lemma vector_derivative_on_affine_piece:
  fixes g :: "real \<Rightarrow> 'a::real_normed_vector"
  assumes "c < d" and t: "t \<in> {c..d}" and deriv: "(g has_vector_derivative D) (at t)"
    and affine: "\<And>s. s \<in> {c..d} \<Longrightarrow> g s = P + (s / h - e) *\<^sub>R Q"
  shows "D = (1/h) *\<^sub>R Q"
proof -
  have t': "t \<in> cbox c d" using t by simp
  have "((\<lambda>s. s *\<^sub>R ((1/h) *\<^sub>R Q)) has_vector_derivative (1/h) *\<^sub>R Q) (at t within cbox c d)"
    unfolding has_vector_derivative_def
    by (rule bounded_linear_imp_has_derivative[OF bounded_linear_scaleR_left])
  from has_vector_derivative_add[OF has_vector_derivative_const this]
  have "((\<lambda>s. (P - e *\<^sub>R Q) + s *\<^sub>R ((1/h) *\<^sub>R Q)) has_vector_derivative (1/h) *\<^sub>R Q) (at t within cbox c d)"
    by simp
  then have "(g has_vector_derivative (1/h) *\<^sub>R Q) (at t within cbox c d)"
    by (rule has_vector_derivative_transform[OF t', rotated])
       (simp add: affine algebra_simps divide_inverse)
  moreover have "(g has_vector_derivative D) (at t within cbox c d)"
    using deriv by (rule has_vector_derivative_at_within)
  ultimately show ?thesis
    using vector_derivative_unique_within_closed_interval[OF \<open>c < d\<close> t'] by metis
qed

lemma periodic_vector_derivative:
  assumes periodic: "\<And>\<theta>. g (\<theta> + p) = g \<theta>" and deriv: "\<And>\<theta>. (g has_vector_derivative g' \<theta>) (at \<theta>)"
  shows "g' (\<theta> + p) = g' \<theta>"
proof -
  have "((\<lambda>t. t + p) has_real_derivative 1) (at \<theta>)"
    by (auto intro!: derivative_eq_intros)
  then have "((\<lambda>t. g (t + p)) has_vector_derivative g' (\<theta> + p)) (at \<theta>)"
    using vector_diff_chain_at[of "\<lambda>t. t + p" 1 \<theta> g "g' (\<theta> + p)"] deriv
    by (simp add: o_def has_real_derivative_iff_has_vector_derivative)
  with periodic deriv show ?thesis
    by (metis (no_types) ext vector_derivative_unique_at)
qed

lemma smoothing_near_corner:
  assumes sm: "smoothing vs g" and deriv: "\<And>\<theta>. (g has_vector_derivative g' \<theta>) (at \<theta>)"
    and N: "length vs > 0" and h: "h = 2*pi / length vs"
  obtains \<epsilon> where "0 < \<epsilon>" "\<epsilon> < h/2"
    "\<And>k \<theta>. k < length vs \<Longrightarrow> \<epsilon> \<le> \<bar>\<theta> - real k * h\<bar> \<Longrightarrow> \<bar>\<theta> - real k * h\<bar> \<le> h/2 \<Longrightarrow>
       g \<theta> = grid_param vs \<theta>"
    "\<And>k \<theta>. k < length vs \<Longrightarrow> \<bar>\<theta> - real k * h\<bar> < \<epsilon> \<Longrightarrow>
       \<exists>\<alpha> \<beta>. \<alpha> \<ge> 0 \<and> \<beta> \<ge> 0 \<and> g' \<theta> = \<alpha> *\<^sub>R dir_in vs k + \<beta> *\<^sub>R dir_out vs k"
proof -
  let ?N = "length vs"
  from sm obtain \<epsilon> g'' where "0 < \<epsilon>" "\<epsilon> < pi / ?N"
    and deriv': "\<And>\<theta>. (g has_vector_derivative g'' \<theta>) (at \<theta>)"
    and far: "\<And>\<theta>. (\<forall>k < ?N. \<forall>m::int. \<bar>\<theta> - 2*pi*real k / ?N - 2*pi*real_of_int m\<bar> \<ge> \<epsilon>)
                 \<Longrightarrow> g \<theta> = grid_param vs \<theta>"
    and window: "\<And>\<theta> k m. k < ?N \<Longrightarrow> \<bar>\<theta> - 2*pi*real k / ?N - 2*pi*real_of_int m\<bar> < \<epsilon> \<Longrightarrow>
        \<exists>\<alpha> \<beta>. \<alpha> \<ge> 0 \<and> \<beta> \<ge> 0 \<and> g'' \<theta> = \<alpha> *\<^sub>R dir_in vs k + \<beta> *\<^sub>R dir_out vs k"
    unfolding smoothing_def Let_def by blast
  have "h > 0" "\<epsilon> < h/2" using N \<open>\<epsilon> < pi / ?N\<close> by (simp_all add: h)
  have corner_param: "2*pi*real k / ?N + 2*pi*real_of_int m = of_int (int k + m * int ?N) * h" for k m
    using N by (simp add: h field_simps)
  show thesis
  proof
    show "0 < \<epsilon>" "\<epsilon> < h/2" by fact+
  next
    fix k \<theta> assume k: "k < ?N" and outside: "\<epsilon> \<le> \<bar>\<theta> - real k * h\<bar>" and near: "\<bar>\<theta> - real k * h\<bar> \<le> h/2"
    have "\<epsilon> \<le> \<bar>\<theta> - of_int j * h\<bar>" for j
    proof (cases "j = int k")
      case False
      then have "1 \<le> \<bar>of_int j - real k\<bar>" by linarith
      then have "h \<le> \<bar>of_int j * h - real k * h\<bar>"
        using \<open>h > 0\<close> by (simp add: left_diff_distrib[symmetric] abs_mult)
      then show ?thesis using near \<open>\<epsilon> < h/2\<close> by arith
    qed (use outside in simp)
    then show "g \<theta> = grid_param vs \<theta>"
      by (intro far allI impI) (simp only: diff_diff_eq corner_param)
  next
    fix k \<theta> assume k: "k < ?N" and "\<bar>\<theta> - real k * h\<bar> < \<epsilon>"
    then have "\<exists>\<alpha> \<beta>. \<alpha> \<ge> 0 \<and> \<beta> \<ge> 0 \<and> g'' \<theta> = \<alpha> *\<^sub>R dir_in vs k + \<beta> *\<^sub>R dir_out vs k"
      using window[of k \<theta> 0] corner_param[of k 0] by simp
    then show "\<exists>\<alpha> \<beta>. \<alpha> \<ge> 0 \<and> \<beta> \<ge> 0 \<and> g' \<theta> = \<alpha> *\<^sub>R dir_in vs k + \<beta> *\<^sub>R dir_out vs k"
      using vector_derivative_unique_at[OF deriv deriv'] by metis
  qed
qed

lemma smoothing_velocity_near_corner:
  assumes ig: "immersed_grid n vs" and sm: "smoothing vs g"
    and deriv: "\<And>\<theta>. (g has_vector_derivative g' \<theta>) (at \<theta>)"
    and k: "k < length vs" and h: "h = 2*pi / length vs"
  shows "g' ((real k - 1/2) * h) = (1/h) *\<^sub>R dir_in vs k"
    and "g' ((real k + 1/2) * h) = (1/h) *\<^sub>R dir_out vs k"
    and "\<And>\<theta>. \<theta> \<in> {(real k - 1/2) * h .. (real k + 1/2) * h} \<Longrightarrow>
           \<exists>\<alpha> \<beta>. \<alpha> \<ge> 0 \<and> \<beta> \<ge> 0 \<and> g' \<theta> = \<alpha> *\<^sub>R dir_in vs k + \<beta> *\<^sub>R dir_out vs k"
proof -
  have N: "length vs > 0" using k by linarith
  then have "h > 0" by (simp add: h)
  obtain \<epsilon> where "0 < \<epsilon>" "\<epsilon> < h/2"
    and on_grid: "\<And>\<theta>. \<epsilon> \<le> \<bar>\<theta> - real k * h\<bar> \<Longrightarrow> \<bar>\<theta> - real k * h\<bar> \<le> h/2 \<Longrightarrow> g \<theta> = grid_param vs \<theta>"
    and window: "\<And>\<theta>. \<bar>\<theta> - real k * h\<bar> < \<epsilon> \<Longrightarrow>
       \<exists>\<alpha> \<beta>. \<alpha> \<ge> 0 \<and> \<beta> \<ge> 0 \<and> g' \<theta> = \<alpha> *\<^sub>R dir_in vs k + \<beta> *\<^sub>R dir_out vs k"
    using smoothing_near_corner[OF sm deriv N h] k by metis
  define a b where "a = (real k - 1/2) * h" and "b = (real k + 1/2) * h"
  have before: "g' \<theta> = (1/h) *\<^sub>R dir_in vs k" if "\<theta> \<in> {a .. real k * h - \<epsilon>}" for \<theta>
  proof (rule vector_derivative_on_affine_piece[OF _ that deriv])
    fix s assume "s \<in> {a .. real k * h - \<epsilon>}"
    then show "g s = grid_pt vs ((k + length vs - 1) mod length vs) + (s / h - (real k - 1)) *\<^sub>R dir_in vs k"
      using \<open>0 < \<epsilon>\<close> \<open>\<epsilon> < h/2\<close>
      by (auto simp: a_def algebra_simps on_grid grid_param_before_corner[OF k h])
  qed (use \<open>\<epsilon> < h/2\<close> in \<open>simp add: a_def algebra_simps\<close>)
  have after: "g' \<theta> = (1/h) *\<^sub>R dir_out vs k" if "\<theta> \<in> {real k * h + \<epsilon> .. b}" for \<theta>
  proof (rule vector_derivative_on_affine_piece[OF _ that deriv])
    fix s assume "s \<in> {real k * h + \<epsilon> .. b}"
    then show "g s = grid_pt vs k + (s / h - real k) *\<^sub>R dir_out vs k"
      using \<open>0 < \<epsilon>\<close> \<open>\<epsilon> < h/2\<close>
      by (auto simp: b_def algebra_simps on_grid grid_param_after_corner[OF k h])
  qed (use \<open>\<epsilon> < h/2\<close> in \<open>simp add: b_def algebra_simps\<close>)
  show "g' a = (1/h) *\<^sub>R dir_in vs k" "g' b = (1/h) *\<^sub>R dir_out vs k"
    using \<open>\<epsilon> < h/2\<close> by (auto intro!: before after simp: a_def b_def algebra_simps)
  fix \<theta> assume "\<theta> \<in> {a..b}"
  then consider "\<theta> \<in> {a .. real k * h - \<epsilon>}" | "\<bar>\<theta> - real k * h\<bar> < \<epsilon>" | "\<theta> \<in> {real k * h + \<epsilon> .. b}"
    by fastforce
  then show "\<exists>\<alpha> \<beta>. \<alpha> \<ge> 0 \<and> \<beta> \<ge> 0 \<and> g' \<theta> = \<alpha> *\<^sub>R dir_in vs k + \<beta> *\<^sub>R dir_out vs k"
  proof cases
    case 1 then show ?thesis using before[OF 1] \<open>h > 0\<close> by (intro exI[of _ "1/h"] exI[of _ 0]) simp
  next
    case 2 then show ?thesis by (rule window)
  next
    case 3 then show ?thesis using after[OF 3] \<open>h > 0\<close> by (intro exI[of _ 0] exI[of _ "1/h"]) simp
  qed
qed

lemma smoothing_corner_turn:
  assumes ig: "immersed_grid n vs" and sm: "smoothing vs g"
    and deriv: "\<And>\<theta>. (g has_vector_derivative g' \<theta>) (at \<theta>)"
    and L: "continuous_on UNIV L" and log: "\<And>\<theta>. cpx (g' \<theta>) = exp (L \<theta>)"
    and k: "k < length vs" and h: "h = 2*pi / length vs"
  shows "Im (L ((real k + 1/2) * h) - L ((real k - 1/2) * h)) =
           (if cross2 (dir_in vs k) (dir_out vs k) > 0 then pi/2 else - pi/2)"
proof -
  note velocity = smoothing_velocity_near_corner[OF ig sm deriv k h]
  have "length vs > 0" using k by linarith
  then have "h > 0" by (simp add: h)
  have "Im (L ((real k + 1/2) * h) - L ((real k - 1/2) * h)) =
      (if Im (cpx (dir_out vs k) * cnj (cpx (dir_in vs k))) > 0 then pi/2 else - pi/2)"
  proof (rule continuous_log_quarter_turn[OF _ continuous_on_subset[OF L subset_UNIV]])
    show "(real k - 1/2) * h \<le> (real k + 1/2) * h" using \<open>h > 0\<close> by simp
    show "cpx (dir_in vs k) \<noteq> 0" "cpx (dir_out vs k) \<noteq> 0"
      using immersed_grid_corner[OF ig k] dir_out_nonzero[OF ig k] by simp_all
    show "Re (cpx (dir_in vs k) * cnj (cpx (dir_out vs k))) = 0"
      unfolding Re_cpx_mult_cnj by (rule immersed_grid_corner[OF ig k])
    show "exp (L ((real k - 1/2) * h)) = of_real (1/h) * cpx (dir_in vs k)"
      "exp (L ((real k + 1/2) * h)) = of_real (1/h) * cpx (dir_out vs k)"
      by (simp_all flip: log add: velocity cpx_scaleR)
    show "1/h > 0" "1/h > 0" using \<open>h > 0\<close> by simp_all
    fix t assume "t \<in> {(real k - 1/2) * h .. (real k + 1/2) * h}"
    then obtain \<alpha> \<beta> where "\<alpha> \<ge> 0" "\<beta> \<ge> 0" "g' t = \<alpha> *\<^sub>R dir_in vs k + \<beta> *\<^sub>R dir_out vs k"
      using velocity(3) by blast
    then show "\<exists>\<alpha> \<beta>. \<alpha> \<ge> 0 \<and> \<beta> \<ge> 0 \<and>
        exp (L t) = of_real \<alpha> * cpx (dir_in vs k) + of_real \<beta> * cpx (dir_out vs k)"
      by (metis log cpx_add cpx_scaleR)
  qed
  then show ?thesis by (simp only: Im_cpx_mult_cnj)
qed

TRY IT » Starting with the line with "(if cross2 (dir_in" above and going on through the line with "(1/h) * cpx (dir_in", transcribe every line exactly, both ends included, and add nothing.

TASK SOLUTION »
           (if cross2 (dir_in vs k) (dir_out vs k) > 0 then pi/2 else - pi/2)"
proof -
  note velocity = smoothing_velocity_near_corner[OF ig sm deriv k h]
  have "length vs > 0" using k by linarith
  then have "h > 0" by (simp add: h)
  have "Im (L ((real k + 1/2) * h) - L ((real k - 1/2) * h)) =
      (if Im (cpx (dir_out vs k) * cnj (cpx (dir_in vs k))) > 0 then pi/2 else - pi/2)"
  proof (rule continuous_log_quarter_turn[OF _ continuous_on_subset[OF L subset_UNIV]])
    show "(real k - 1/2) * h \<le> (real k + 1/2) * h" using \<open>h > 0\<close> by simp
    show "cpx (dir_in vs k) \<noteq> 0" "cpx (dir_out vs k) \<noteq> 0"
      using immersed_grid_corner[OF ig k] dir_out_nonzero[OF ig k] by simp_all
    show "Re (cpx (dir_in vs k) * cnj (cpx (dir_out vs k))) = 0"
      unfolding Re_cpx_mult_cnj by (rule immersed_grid_corner[OF ig k])
    show "exp (L ((real k - 1/2) * h)) = of_real (1/h) * cpx (dir_in vs k)"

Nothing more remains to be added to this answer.